=== THE PROBLEM ===
Among the entries below, please repeat exactly and only the lines from the line containing "unfolding split by (simp" to the line containing "using index_maximal_subgroup_bounds(1)[OF fin", both lines included.

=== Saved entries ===
+--
lemma index_typeB_mem:
  assumes fin: "finite (carrier G)" and M: "typeB G M"
  shows "card (rcosets M) \<in> {5..card (carrier G)}"
proof -
  have max: "maximal_subgroup G M" and "\<not> abelian_socle (G Mod core G M)"
    using M unfolding typeB_def by auto
  then have "\<not> card (rcosets M) \<le> 4"
    using abelian_socle_quotient_core_if_index_le_4[OF fin maximal_subgroupD(1)[OF max]] by blast
  then show ?thesis using index_maximal_subgroup_bounds(2)[OF fin max] by simp
qed

lemma index_typeA_mem:
  assumes fin: "finite (carrier G)" and M: "typeA G M"
  shows "card (rcosets M) \<in> (\<lambda>(p, a). p ^ a) ` (prime_divisors_order G \<times> {1..card (carrier G)})"
proof -
  have max: "maximal_subgroup G M" and "abelian_socle (G Mod core G M)"
    using M unfolding typeA_def by auto
  then obtain p a where pa: "Factorial_Ring.prime p" "0 < a" "card (rcosets M) = p ^ a"
    using index_prime_power_if_abelian_socle[OF fin] by blast
  have "card (rcosets M) dvd card (carrier G)"
    using lagrange[OF maximal_subgroupD(1)[OF max]] by (metis Coset.order_def dvd_triv_left)
  then have "p dvd card (carrier G)" using pa by (metis dvd_power dvd_trans)
  then have "p \<in> prime_divisors_order G" using pa(1) by (simp add: prime_divisors_order_def)
  moreover have "a \<le> card (carrier G)"
  proof -
    have "a < 2 ^ a" by (rule less_exp)
    also have "(2::nat) ^ a \<le> p ^ a" using pa(1) prime_ge_2_nat by (simp add: power_mono)
    also have "\<dots> \<le> card (carrier G)" using pa(3) index_maximal_subgroup_bounds(2)[OF fin max] by simp
    finally show ?thesis by simp
  qed
  ultimately have "(p, a) \<in> prime_divisors_order G \<times> {1..card (carrier G)}" using pa(2) by simp
  then show ?thesis using pa(3) by force
qed

lemma sum_typeB_eq:
  assumes fin: "finite (carrier G)"
  shows "(\<Sum>M\<in>{M. typeB G M}. 1 / real (card (rcosets M)) ^ n)
    = (\<Sum>d\<in>{5..card (carrier G)}. real (mB G d) / real d ^ n)"
proof -
  have "finite {M. typeB G M}"
    using finite_maximal_subgroups[OF fin] by (rule finite_subset[rotated]) (auto simp: typeB_def)
  then have "(\<Sum>M\<in>{M. typeB G M}. 1 / real (card (rcosets M)) ^ n)
      = (\<Sum>d\<in>{5..card (carrier G)}. real (card {M \<in> {M. typeB G M}. card (rcosets M) = d}) * (1 / real d ^ n))"
    using index_typeB_mem[OF fin] by (intro sum_by_fibres) auto
  also have "\<dots> = (\<Sum>d\<in>{5..card (carrier G)}. real (mB G d) / real d ^ n)"
    by (simp add: mB_def)
  finally show ?thesis .
qed

lemma sum_typeA_eq:
  assumes fin: "finite (carrier G)"
  shows "(\<Sum>M\<in>{M. typeA G M}. 1 / real (card (rcosets M)) ^ n)
    = (\<Sum>p\<in>prime_divisors_order G. \<Sum>a\<in>{1..card (carrier G)}. real (mA G (p ^ a)) / real p ^ (a * n))"
proof -
  let ?P = "prime_divisors_order G" and ?A = "{1..card (carrier G)}"
  let ?pow = "\<lambda>(p, a). p ^ a :: nat"
  have "card (carrier G) > 0" using fin one_closed by (auto simp: card_gt_0_iff)
  then have "?P \<subseteq> {..card (carrier G)}" by (auto simp: prime_divisors_order_def dvd_imp_le)
  then have fin_PA: "finite (?P \<times> ?A)" using finite_subset by blast
  have inj: "inj_on ?pow (?P \<times> ?A)"
  proof (rule inj_onI)
    fix x y assume "x \<in> ?P \<times> ?A" "y \<in> ?P \<times> ?A" "?pow x = ?pow y"
    moreover obtain p a q b where "x = (p, a)" "y = (q, b)" by fastforce
    ultimately show "x = y"
      using prime_power_inj'[of p q a b] by (simp add: prime_divisors_order_def)
  qed
  have "finite {M. typeA G M}"
    using finite_maximal_subgroups[OF fin] by (rule finite_subset[rotated]) (auto simp: typeA_def)
  then have "(\<Sum>M\<in>{M. typeA G M}. 1 / real (card (rcosets M)) ^ n)
      = (\<Sum>d\<in>?pow ` (?P \<times> ?A). real (card {M \<in> {M. typeA G M}. card (rcosets M) = d}) * (1 / real d ^ n))"
    using index_typeA_mem[OF fin] fin_PA by (intro sum_by_fibres) auto
  also have "\<dots> = (\<Sum>(p, a)\<in>?P \<times> ?A. real (mA G (p ^ a)) / real (p ^ a) ^ n)"
    unfolding sum.reindex[OF inj] by (simp add: case_prod_unfold mA_def)
  also have "\<dots> = (\<Sum>p\<in>?P. \<Sum>a\<in>?A. real (mA G (p ^ a)) / real p ^ (a * n))"
    by (simp add: sum.cartesian_product power_mult)
  finally show ?thesis .
qed

lemma sum_maximal_subgroups_eq:
  assumes fin: "finite (carrier G)"
  shows "(\<Sum>M\<in>{M. maximal_subgroup G M}. 1 / real (card (rcosets M)) ^ n)
    = (\<Sum>d\<in>{5..card (carrier G)}. real (mB G d) / real d ^ n)
      + (\<Sum>p\<in>prime_divisors_order G. \<Sum>a\<in>{1..card (carrier G)}. real (mA G (p ^ a)) / real p ^ (a * n))"
proof -
  have split: "{M. maximal_subgroup G M} = {M. typeB G M} \<union> {M. typeA G M}"
    unfolding typeA_def typeB_def by blast
  have "finite {M. typeB G M}" "finite {M. typeA G M}"
    using finite_maximal_subgroups[OF fin] unfolding split by auto
  moreover have "{M. typeB G M} \<inter> {M. typeA G M} = {}" unfolding typeA_def typeB_def by blast
  ultimately show ?thesis
    unfolding split by (simp add: sum.union_disjoint sum_typeA_eq[OF fin] sum_typeB_eq[OF fin])
qed

lemma summable_one_minus_gen_prob:
  assumes fin: "finite (carrier G)"
  shows "summable (\<lambda>n. 1 - gen_prob G n)"
proof (rule summable_comparison_test)
  show "\<exists>N. \<forall>n\<ge>N. norm (1 - gen_prob G n) \<le> (\<Sum>M\<in>{M. maximal_subgroup G M}. (1 / real (card (rcosets M))) ^ n)"
    using one_minus_gen_prob_bounds[OF fin] one_minus_gen_prob_le[OF fin] by (simp add: power_one_over)
  have "norm (1 / real (card (rcosets M))) < 1" if "maximal_subgroup G M" for M
    using index_maximal_subgroup_bounds(1)[OF fin that] by simp
  then show "summable (\<lambda>n. \<Sum>M\<in>{M. maximal_subgroup G M}. (1 / real (card (rcosets M))) ^ n)"
    by (intro summable_sum summable_geometric) blast
qed

lemma suminf_tail_one_minus_gen_prob_le:
  assumes fin: "finite (carrier G)"
  shows "suminf (\<lambda>k. 1 - gen_prob G (k + t))
    \<le> mu_star G t + (\<Sum>p\<in>prime_divisors_order G. mu_p G p t)"
proof -
  define B where "B k = (\<Sum>d\<in>{5..card (carrier G)}. real (mB G d) / real d ^ (k + t))" for k
  define A where "A p k = (\<Sum>a\<in>{1..card (carrier G)}. real (mA G (p ^ a)) / real p ^ (a * (k + t)))"
    for p k
  have summable_A: "summable (A p)" if "p \<in> prime_divisors_order G" for p
    using that prime_gt_1_nat unfolding A_def prime_divisors_order_def
    by (intro summable_sum) (auto simp: power_mult intro!: summable_shifted_geometric one_less_power)
  have summable_B: "summable B"
    unfolding B_def by (intro summable_sum summable_shifted_geometric) auto
  have "suminf (\<lambda>k. 1 - gen_prob G (k + t)) \<le> suminf (\<lambda>k. B k + (\<Sum>p\<in>prime_divisors_order G. A p k))"
  proof (rule suminf_le)
    show "1 - gen_prob G (k + t) \<le> B k + (\<Sum>p\<in>prime_divisors_order G. A p k)" for k
      using one_minus_gen_prob_le[OF fin] sum_maximal_subgroups_eq[OF fin] unfolding A_def B_def by simp
    show "summable (\<lambda>k. 1 - gen_prob G (k + t))"
      by (rule summable_ignore_initial_segment[OF summable_one_minus_gen_prob[OF fin]])
    show "summable (\<lambda>k. B k + (\<Sum>p\<in>prime_divisors_order G. A p k))"
      using summable_A summable_B by (intro summable_add summable_sum) auto
  qed
  also have "\<dots> = mu_star G t + (\<Sum>p\<in>prime_divisors_order G. mu_p G p t)"
    using summable_A summable_B unfolding mu_star_def mu_p_def A_def[symmetric] B_def[symmetric]
    by (simp add: suminf_add[symmetric] suminf_sum summable_sum)
  finally show ?thesis .
qed

end

theorem lemma2:
  fixes G :: "('a, 'b) monoid_scheme" and t :: nat
  assumes "group G" and "finite (carrier G)" and "0 < t"
  shows "expected_gen G \<le> real t + mu_star G t + (\<Sum>p\<in>prime_divisors_order G. mu_p G p t)"
proof -
  interpret group G by fact
  note fin = \<open>finite (carrier G)\<close>
  have "(\<Sum>n<t. 1 - gen_prob G n) \<le> real t"
    using sum_mono[of "{..<t}" "\<lambda>n. 1 - gen_prob G n" "\<lambda>_. 1"] one_minus_gen_prob_bounds(2)[OF fin]
    by simp
  then show ?thesis
    using suminf_tail_one_minus_gen_prob_le[OF fin, of t]
    unfolding expected_gen_def suminf_split_initial_segment[OF summable_one_minus_gen_prob[OF fin], of t]
    by simp
qed

end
+--
=== TASK SOLUTION ===
    unfolding split by (simp add: sum.union_disjoint sum_typeA_eq[OF fin] sum_typeB_eq[OF fin])
qed

lemma summable_one_minus_gen_prob:
  assumes fin: "finite (carrier G)"
  shows "summable (\<lambda>n. 1 - gen_prob G n)"
proof (rule summable_comparison_test)
  show "\<exists>N. \<forall>n\<ge>N. norm (1 - gen_prob G n) \<le> (\<Sum>M\<in>{M. maximal_subgroup G M}. (1 / real (card (rcosets M))) ^ n)"
    using one_minus_gen_prob_bounds[OF fin] one_minus_gen_prob_le[OF fin] by (simp add: power_one_over)
  have "norm (1 / real (card (rcosets M))) < 1" if "maximal_subgroup G M" for M
    using index_maximal_subgroup_bounds(1)[OF fin that] by simp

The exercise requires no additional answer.